Optionally, the determining allocation usage information of all physical resource blocks PRB in one carrier includes:

determining that all PRBs in one carrier are unused or used by a primary cell UE;

or,

determining that all PRBs in one carrier are used by both a primary cell UE and a secondary cell UE.

Optionally, the determining that all PRBs in one carrier are not used or used by the primary cell UE includes:

when α is 0, determining that all PRBs in the carrier are not used or used by the primary cell UE;

α is the proportion of the number of PRBs of the downlink/uplink available resource CC _ SCell of the carrier to the total PRBs of all the current physical downlink/uplink shared channel resources, wherein α belongs to [0,1 ];

correspondingly, the adjusting, according to the preset rule corresponding to the allocation usage information, the number of PRBs allocated to the primary cell UE using the current cell as the primary cell by the carrier includes:

updating α value to get α ═ PCell _ Res _ Min;

wherein, PCell _ Res _ Min is a first pre-configured parameter and is the minimum proportion of the available frequency band resources of the secondary cell, and PCell _ Res _ Min belongs to [0,1 ].
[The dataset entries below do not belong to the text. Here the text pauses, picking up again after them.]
lemma Y_eq_antidiagonal_sum: "Y n \<omega> = antidiagonal_sum k (\<lambda>r. X r \<omega>) n"
  by (simp add: Y_def antidiagonal_sum_def)

lemma X_array_measurable: "(\<lambda>\<omega> r. X r \<omega>) \<in> measurable M array_space"
  by (rule measurable_PiM_single') (use X_measurable measurable_space[OF X_measurable] in auto)

lemma Y_path_eq:
  "(\<lambda>\<omega> n. Y n \<omega>) = (\<lambda>x. \<lambda>n\<in>UNIV. antidiagonal_sum k x n) \<circ> (\<lambda>\<omega> r. X r \<omega>)"
  by (simp add: fun_eq_iff Y_eq_antidiagonal_sum)

lemma Y_path_measurable: "(\<lambda>\<omega> n. Y n \<omega>) \<in> measurable M path_space"
  unfolding Y_path_eq
  by (rule measurable_comp[OF X_array_measurable measurable_antidiagonal_sums]) simp

lemma Y_measurable: "Y n \<in> borel_measurable M"
  using measurable_compose[OF Y_path_measurable measurable_component_singleton[of n UNIV]] by simp

lemma distr_X_array: "distr M array_space (\<lambda>\<omega> r. X r \<omega>) = PiM UNIV (\<lambda>_. \<nu>)"
  using distr_indep_vars_eq_PiM[OF X_indep] by (simp only: X_distr restrict_UNIV)

lemma stationary:
  "distr M path_space (\<lambda>\<omega> n. Y (n + h) \<omega>) = distr M path_space (\<lambda>\<omega> n. Y n \<omega>)"
proof -
  let ?sum = "\<lambda>x. \<lambda>n\<in>UNIV. antidiagonal_sum k x n"
  let ?shift = "\<lambda>x. \<lambda>r\<in>UNIV. x (r + h)"
  have sets_array: "sets (PiM UNIV (\<lambda>_. \<nu>)) = sets array_space"
    by (intro sets_PiM_cong) (simp_all add: nu_sets)
  note array_cong = measurable_cong_sets[OF sets_array refl]
  have sum_meas: "?sum \<in> measurable (PiM UNIV (\<lambda>_. \<nu>)) path_space"
    unfolding array_cong by (rule measurable_antidiagonal_sums) simp
  have shift_meas: "?shift \<in> measurable (PiM UNIV (\<lambda>_. \<nu>)) (PiM UNIV (\<lambda>_. \<nu>))"
    by (intro measurable_restrict measurable_component_singleton) simp
  have X_meas: "(\<lambda>\<omega> r. X r \<omega>) \<in> measurable M (PiM UNIV (\<lambda>_. \<nu>))"
    using X_array_measurable by (simp only: measurable_cong_sets[OF refl sets_array])
  have law: "distr M (PiM UNIV (\<lambda>_. \<nu>)) (\<lambda>\<omega> r. X r \<omega>) = PiM UNIV (\<lambda>_. \<nu>)"
    using distr_X_array by (simp only: distr_cong[OF refl sets_array refl])
  have shift_invariant: "distr (PiM UNIV (\<lambda>_. \<nu>)) (PiM UNIV (\<lambda>_. \<nu>)) ?shift = PiM UNIV (\<lambda>_. \<nu>)"
    using distr_PiM_reindex[of UNIV "\<lambda>_. \<nu>" "\<lambda>r. r + h" UNIV] nu_prob by (simp add: inj_on_def)
  have "(\<lambda>\<omega> n. Y (n + h) \<omega>) = (?sum \<circ> ?shift) \<circ> (\<lambda>\<omega> r. X r \<omega>)"
    by (simp add: fun_eq_iff Y_eq_antidiagonal_sum antidiagonal_sum_def ac_simps)
  then have "distr M path_space (\<lambda>\<omega> n. Y (n + h) \<omega>)
      = distr (distr M (PiM UNIV (\<lambda>_. \<nu>)) (\<lambda>\<omega> r. X r \<omega>)) path_space (?sum \<circ> ?shift)"
    using distr_distr[OF measurable_comp[OF shift_meas sum_meas] X_meas] by simp
  also have "\<dots> = distr (distr (PiM UNIV (\<lambda>_. \<nu>)) (PiM UNIV (\<lambda>_. \<nu>)) ?shift) path_space ?sum"
    unfolding law by (rule distr_distr[OF sum_meas shift_meas, symmetric])
  also have "\<dots> = distr (distr M (PiM UNIV (\<lambda>_. \<nu>)) (\<lambda>\<omega> r. X r \<omega>)) path_space ?sum"
    unfolding shift_invariant law ..
  also have "\<dots> = distr M path_space (\<lambda>\<omega> n. Y n \<omega>)"
    unfolding Y_path_eq by (rule distr_distr[OF sum_meas X_meas])
  finally show ?thesis .
qed

lemma finitely_dependent:
  "indep_var (PiM {..m} (\<lambda>_. borel)) (\<lambda>\<omega>. restrict (\<lambda>n. Y n \<omega>) {..m})
             (PiM {m + int k..} (\<lambda>_. borel)) (\<lambda>\<omega>. restrict (\<lambda>n. Y n \<omega>) {m + int k..})"
proof -
  let ?past = "{..<m + int k}" and ?future = "{m + int k..}"
  have indep: "indep_var (PiM ?past (\<lambda>_. row_space)) (\<lambda>\<omega>. restrict (\<lambda>r. X r \<omega>) ?past)
                  (PiM ?future (\<lambda>_. row_space)) (\<lambda>\<omega>. restrict (\<lambda>r. X r \<omega>) ?future)"
    by (rule indep_var_restrict[OF X_indep]) (auto simp: disjoint_iff)
  have "restrict (antidiagonal_sum k (restrict x ?past)) {..m} = restrict (antidiagonal_sum k x) {..m}"
    and "restrict (antidiagonal_sum k (restrict x ?future)) ?future = restrict (antidiagonal_sum k x) ?future"
    for x
    by (rule restrict_antidiagonal_sum_restrict; simp)+
  then show ?thesis
    using indep_var_compose[OF indep measurable_antidiagonal_sums[of "{..m}" k ?past]
                                 measurable_antidiagonal_sums[of ?future k ?future]]
    by (simp add: comp_def Y_eq_antidiagonal_sum)
qed

lemma char_row_linear_form:
  assumes "finite J" "inj_on g J" "g ` J \<subseteq> {1..k}" "card J < k"
  shows "char (distr \<nu> borel (\<lambda>x. \<Sum>j\<in>J. b j * x (g j))) t
       = complex_of_real (exp (- (\<Sum>j\<in>J. (b j)\<^sup>2) * t\<^sup>2 / 2))"
proof -
  have "card (g ` J) < card {1..k}"
    using assms by (simp add: card_image)
  then obtain i where "i \<in> {1..k}" "i \<notin> g ` J"
    using assms(3) by (metis subsetI subset_antisym less_irrefl)
  then have "i \<in> {1..k}" "g ` J \<subseteq> {1..k} - {i}"
    using assms(3) by auto
  then show ?thesis
    using char_linear_form_omitting_coordinate[OF nu_sets nu_marg] assms(1,2) by blast
qed

lemma char_window_row:
  fixes nn :: "'i \<Rightarrow> int" and r :: int
  assumes K: "finite K" "card K < k" "inj_on nn K"
  defines "I \<equiv> {i\<in>K. r \<in> {nn i..<nn i + int k}}"
  shows "char (distr M borel (\<lambda>\<omega>. \<Sum>i\<in>I. a i * X r \<omega> (k - nat (r - nn i)))) t
       = complex_of_real (exp (- (\<Sum>i\<in>I. (a i)\<^sup>2) * t\<^sup>2 / 2))"
proof -
  let ?g = "\<lambda>i. k - nat (r - nn i)" and ?form = "\<lambda>x. \<Sum>i\<in>I. a i * x (k - nat (r - nn i))"
  have "inj_on ?g I"
    using K(3) by (auto simp: I_def inj_on_def)
  moreover have "?g ` I \<subseteq> {1..k}" "card I < k"
    using K(1,2) card_mono[of K I] by (auto simp: I_def)
  moreover have "distr M borel (\<lambda>\<omega>. ?form (X r \<omega>)) = distr \<nu> borel ?form"
  proof -
    have form_meas: "?form \<in> borel_measurable row_space"
      by (auto simp: I_def intro!: borel_measurable_sum borel_measurable_times measurable_component_singleton)
    then show ?thesis
      using distr_distr[OF form_meas X_measurable[of r]] unfolding X_distr comp_def by simp
  qed
  ultimately show ?thesis
    using char_row_linear_form[of I ?g] K(1) by (simp add: I_def)
qed

lemma distr_linear_combination_Y:
  fixes nn :: "'i \<Rightarrow> int"
  assumes K: "finite K" "card K < k" "inj_on nn K"
  shows "distr M borel (\<lambda>\<omega>. \<Sum>i\<in>K. a i * Y (nn i) \<omega>)
       = normal_measure 0 (real k * (\<Sum>i\<in>K. (a i)\<^sup>2))"
proof -
  \<comment> \<open>Row r enters \<open>Y (nn i)\<close> for \<open>i \<in> I r\<close>, through its coordinate \<open>k - (r - nn i)\<close>.\<close>
  define R where "R = (\<Union>i\<in>K. {nn i..<nn i + int k})"
  define I where "I r = {i\<in>K. r \<in> {nn i..<nn i + int k}}" for r
  define F where "F r = (\<lambda>\<omega>. \<Sum>i\<in>I r. a i * X r \<omega> (k - nat (r - nn i)))" for r
  define v where "v = real k * (\<Sum>i\<in>K. (a i)\<^sup>2)"
  have "v \<ge> 0"
    by (simp add: v_def sum_nonneg)
  have regroup: "(\<Sum>i\<in>K. a i * Y (nn i) \<omega>) = (\<Sum>r\<in>R. F r \<omega>)" for \<omega>
    using sum_windows_regroup[OF K(1), where f = "\<lambda>i r. a i * X r \<omega> (k - nat (r - nn i))"
                                         and n = nn and k = k]
    by (simp add: Y_def sum_distrib_left R_def I_def F_def)
  have variance: "v = (\<Sum>r\<in>R. \<Sum>i\<in>I r. (a i)\<^sup>2)"
    using sum_windows_regroup[OF K(1), where f = "\<lambda>i r. (a i)\<^sup>2" and n = nn and k = k]
    by (simp add: v_def sum_distrib_left R_def I_def)
  have F_meas: "F r \<in> borel_measurable M" for r
    unfolding F_def I_def
    by (intro borel_measurable_sum borel_measurable_times measurable_compose[OF X_measurable]) auto
  have indep: "indep_vars (\<lambda>_. borel) F R"
  proof -
    let ?row_form = "\<lambda>r x. \<Sum>i\<in>I r. a i * x (k - nat (r - nn i))"
    have "indep_vars (\<lambda>_. borel) (\<lambda>r \<omega>. ?row_form r (X r \<omega>)) UNIV"
      by (rule indep_vars_compose2[OF X_indep])
         (auto simp: I_def intro!: borel_measurable_sum borel_measurable_times measurable_component_singleton)
    moreover have "F = (\<lambda>r \<omega>. ?row_form r (X r \<omega>))"
      by (simp add: fun_eq_iff F_def)
    ultimately show ?thesis
      using indep_vars_subset by blast
  qed
  have "char (distr M borel (\<lambda>\<omega>. \<Sum>r\<in>R. F r \<omega>)) t = char (normal_measure 0 v) t" for t
  proof -
    have "char (distr M borel (\<lambda>\<omega>. \<Sum>r\<in>R. F r \<omega>)) t = (\<Prod>r\<in>R. char (distr M borel (F r)) t)"
      by (rule char_distr_sum[OF indep])
    also have "\<dots> = (\<Prod>r\<in>R. complex_of_real (exp (- (\<Sum>i\<in>I r. (a i)\<^sup>2) * t\<^sup>2 / 2)))"
      unfolding F_def I_def by (intro prod.cong refl char_window_row[OF K])
    also have "\<dots> = complex_of_real (exp (\<Sum>r\<in>R. - (\<Sum>i\<in>I r. (a i)\<^sup>2) * t\<^sup>2 / 2))"
      using K(1) by (simp add: R_def exp_sum of_real_prod[symmetric] del: of_real_prod)
    also have "(\<Sum>r\<in>R. - (\<Sum>i\<in>I r. (a i)\<^sup>2) * t\<^sup>2 / 2) = - v * t\<^sup>2 / 2"
      by (simp add: variance sum_divide_distrib[symmetric] sum_distrib_right[symmetric] sum_negf)
    finally show ?thesis
      using char_normal_measure_0[OF \<open>v \<ge> 0\<close>] by simp
  qed
  then have "distr M borel (\<lambda>\<omega>. \<Sum>r\<in>R. F r \<omega>) = normal_measure 0 v"
    using F_meas \<open>v \<ge> 0\<close>
    by (intro Levy_uniqueness real_distribution_distr real_distribution_normal_measure_0) auto
  then show ?thesis
    by (simp add: regroup v_def)
qed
Optionally, the determining that all PRBs in one carrier are used by both the primary cell UE and the secondary cell UE includes:

when α ≠ 0, determining that all PRBs in the carrier are used by both the primary cell UE and the secondary cell UE;

α is the proportion of the number of PRBs of the downlink/uplink available resource CC _ SCell of the carrier to the total PRBs of all the current physical downlink/uplink shared channel resources, wherein α belongs to [0,1 ];

correspondingly, the adjusting, according to the preset rule corresponding to the allocation usage information, the number of PRBs allocated to the primary cell UE using the current cell as the primary cell by the carrier includes:

in each dynamic adjustment period after the auxiliary cell UE is added, when Load _ CC _ PCell is larger than or equal to LC _ Threshold, the value of α is adjusted according to a first formula;

or,

in each dynamic adjustment period after the secondary cell UE is added, when Load _ CC _ PCell < LC _ Threshold, and Load _ CC _ SCell > LC _ Threshold, and Load' _ CC _ PCell is greater than or equal to LC _ Threshold, the value of α is not adjusted;

or,

in each dynamic adjustment period after the secondary cell UE is added, when Load _ CC _ PCell < LC _ Threshold, Load _ CC _ SCell > LC _ Threshold and Load' _ CC _ PCell < LC _ Threshold, the α value is adjusted according to a second formula;

wherein, Load _ CC _ PCell is the total Load of each service of the primary cell UE of the carrier calculated by the Load evaluation module in the radio resource management, Load _ CC _ SCell is the total Load of each service of the secondary cell UE of the carrier calculated by the Load evaluation module in the radio resource management, Load '_ CC _ PCell is the total Load of each service of the primary cell UE of the carrier calculated by the Load evaluation module in the radio resource management after the value of α is adjusted according to the second formula, and Load _ CC _ PCell, Load' _ CC _ PCell, and Load _ CC _ SCell are [0,1 ];

the first formula is:

α＝α–delta；

the second formula is:

α＝α+delta；

wherein, delta is a second pre-configuration parameter and is a carrier resource dynamic adjustment step size, and delta belongs to [0,1 ].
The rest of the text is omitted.